С того самого дня, когда Эдвард был переведен в госпиталь, для Анны началась совершенно новая жизнь. Здесь, в стенах госпиталя, перед нею открылся особый, незнакомый ей доселе мир.
В небольшой палате, куда после операции был перенесен Эдвард, почти вплотную стояли двенадцать низеньких коек. И на каждой из этих коек, покрытых однотонными, мышиного цвета одеялами, жила особая, не похожая на другие жизнь, со своим миром чувств и переживаний.
Достаточно было одного неосторожного слова, чтобы больной растревожился, потерял покой.
Анна болела душой за каждого раненого и старалась по мере сил облегчить людские страдания.
— Сестрица Анна, сам бог тебя послал, — говорил ей хмурый пожилой солдат, сибиряк Прохор. И в эти минуты его грубый, неприятный для слуха голос звучал тепло и дружелюбно.
У Прохора была раздроблена нога.

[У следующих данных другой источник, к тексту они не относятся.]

(* Let $\rho_{AB}$ be a two-qubit state and let $\mathcal T$ be its correlation matrix, $\mathcal T_{ij}=\mathrm{Tr}[\rho_{AB}\,\sigma_i\otimes\sigma_j]$, $i,j\in\{1,2,3\}$, with singular values $\tau_1\ge\tau_2\ge\tau_3\ge0$. If $\rho_{AB}$ is non-steerable, then $$R_G(\tau_3^2,\tau_2^2,\tau_1^2)\le\tfrac12 .$$
   Context: $\sigma_1,\sigma_2,\sigma_3$ are the Pauli matrices. $R_G$ is the symmetric elliptic integral (DLMF 19.16.3), which can be written as $R_G(a,b,c)=\frac{1}{4\pi}\int_0^{2\pi}\int_0^{\pi}\sqrt{a\sin^2\theta\cos^2\phi+b\sin^2\theta\sin^2\phi+c\cos^2\theta}\;\sin\theta\,d\theta\,d\phi$. "Non-steerable" is in the standard sense of EPR steering (the state admits a local hidden state model, so one party cannot steer the other). *)

theory Defs
  imports "HOL-Probability.Probability"
begin

type_synonym cmat2 = "complex ^ 2 ^ 2"
type_synonym cmat4 = "complex ^ (2 \<times> 2) ^ (2 \<times> 2)"

definition psd :: "complex ^ 'n ^ 'n \<Rightarrow> bool" where
  "psd A \<longleftrightarrow> (\<forall>v :: complex ^ 'n.
      Im (\<Sum>i\<in>UNIV. \<Sum>j\<in>UNIV. cnj (v $ i) * A $ i $ j * v $ j) = 0 \<and>
      0 \<le> Re (\<Sum>i\<in>UNIV. \<Sum>j\<in>UNIV. cnj (v $ i) * A $ i $ j * v $ j))"

definition density_matrix :: "complex ^ 'n ^ 'n \<Rightarrow> bool" where
  "density_matrix A \<longleftrightarrow> psd A \<and> trace A = 1"

definition kron :: "cmat2 \<Rightarrow> cmat2 \<Rightarrow> cmat4" where
  "kron A B = (\<chi> r c. A $ fst r $ fst c * B $ snd r $ snd c)"

definition ptrace_A :: "cmat4 \<Rightarrow> cmat2" where
  "ptrace_A X = (\<chi> k l. \<Sum>i\<in>UNIV. X $ (i, k) $ (i, l))"

definition sigma1 :: cmat2 where
  "sigma1 = (\<chi> i j. if i = j then 0 else 1)"
definition sigma2 :: cmat2 where
  "sigma2 = (\<chi> i j. if i = j then 0 else if i = 0 then - \<i> else \<i>)"
definition sigma3 :: cmat2 where
  "sigma3 = (\<chi> i j. if i \<noteq> j then 0 else if i = 0 then 1 else -1)"

definition pauli :: "3 \<Rightarrow> cmat2" where
  "pauli i = (if i = 0 then sigma1 else if i = 1 then sigma2 else sigma3)"

text \<open>Correlation matrix T_ij = Tr[rho (sigma_i (x) sigma_j)] (real for Hermitian rho).\<close>
definition corr_matrix :: "cmat4 \<Rightarrow> real ^ 3 ^ 3" where
  "corr_matrix \<rho> = (\<chi> i j. Re (trace (\<rho> ** kron (pauli i) (pauli j))))"

text \<open>t1 >= t2 >= t3 >= 0 are the singular values of T (with multiplicity), i.e. their
  squares are the eigenvalues of T^T T counted via the characteristic polynomial.\<close>
definition singular_values3 :: "real ^ 3 ^ 3 \<Rightarrow> real \<Rightarrow> real \<Rightarrow> real \<Rightarrow> bool" where
  "singular_values3 T t1 t2 t3 \<longleftrightarrow> t1 \<ge> t2 \<and> t2 \<ge> t3 \<and> t3 \<ge> 0 \<and>
     (\<forall>x::real. det (mat x - transpose T ** T) = (x - t1^2) * (x - t2^2) * (x - t3^2))"

text \<open>Symmetric elliptic integral R_G (DLMF 19.16.3), in the integral form given.\<close>
definition R_G :: "real \<Rightarrow> real \<Rightarrow> real \<Rightarrow> real" where
  "R_G a b c = 1 / (4 * pi) * integral (cbox (0, 0) (2 * pi, pi))
     (\<lambda>(\<phi>, \<theta>). sqrt (a * (sin \<theta>)^2 * (cos \<phi>)^2 + b * (sin \<theta>)^2 * (sin \<phi>)^2
                        + c * (cos \<theta>)^2) * sin \<theta>)"

definition povm :: "nat \<Rightarrow> (nat \<Rightarrow> cmat2) \<Rightarrow> bool" where
  "povm n M \<longleftrightarrow> n \<ge> 1 \<and> (\<forall>a<n. psd (M a)) \<and> (\<Sum>a<n. M a) = mat 1"

definition assemblage :: "cmat4 \<Rightarrow> (nat \<Rightarrow> cmat2) \<Rightarrow> nat \<Rightarrow> cmat2" where
  "assemblage \<rho> M a = ptrace_A (kron (M a) (mat 1) ** \<rho>)"

text \<open>Local hidden state model for steering from A to B: hidden variable lambda
  distributed by the probability measure mu, hidden states S lambda of Bob, response
  functions p n M a lambda = p(a | M, lambda), for every POVM (n, M) of Alice.\<close>
definition lhs_model :: "'l measure \<Rightarrow> ('l \<Rightarrow> cmat2) \<Rightarrow>
    (nat \<Rightarrow> (nat \<Rightarrow> cmat2) \<Rightarrow> nat \<Rightarrow> 'l \<Rightarrow> real) \<Rightarrow> cmat4 \<Rightarrow> bool" where
  "lhs_model \<mu> S p \<rho> \<longleftrightarrow> prob_space \<mu> \<and> S \<in> borel_measurable \<mu> \<and>
     (\<forall>l\<in>space \<mu>. density_matrix (S l)) \<and>
     (\<forall>n M. povm n M \<longrightarrow>
        (\<forall>l\<in>space \<mu>. (\<forall>a<n. 0 \<le> p n M a l) \<and> (\<Sum>a<n. p n M a l) = 1) \<and>
        (\<forall>a<n. p n M a \<in> borel_measurable \<mu> \<and>
               has_bochner_integral \<mu> (\<lambda>l. p n M a l *\<^sub>R S l) (assemblage \<rho> M a)))"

Он хорошо знал, что ему не миновать ампутации, но держался мужественно, не поддавался.
Никто из сопалатников не знал Прохора до ранения, а сам он туго сближался с людьми и не любил о себе рассказывать. Поэтому никому не было известно, где он сражался и при каких обстоятельствах был ранен. И только когда его навестили товарищи по части, все узнали о мужестве этого хмурого, молчаливого человека.
В разгар штыкового боя Прохор, уже раненный в руку и грудь, пробрался со своим пулеметом в тыл врага и принялся косить неприятельские ряды.
— Вы бы поглядели на Прохора в этом бою, — захлебываясь, рассказывал командир отделения Кострица. — Даже и слов не подберешь, чтоб рассказать. Назвать его львом — пожалуй, мало. Ведь он нас из какой беды выручил. Богатырь, что твой Алеша Попович или Микула Селянинович! Сберегите ему ногу, товарищ главный врач, — молил, уходя, Кострица, — мы все вас за него просим. Ведь на свете нет ничего невозможного, Прохор сам доказал это…
4
Первые дни Анна задыхалась в больничном воздухе, насыщенном запахами лекарств, гипса, пропитанных гноем и кровью бинтов.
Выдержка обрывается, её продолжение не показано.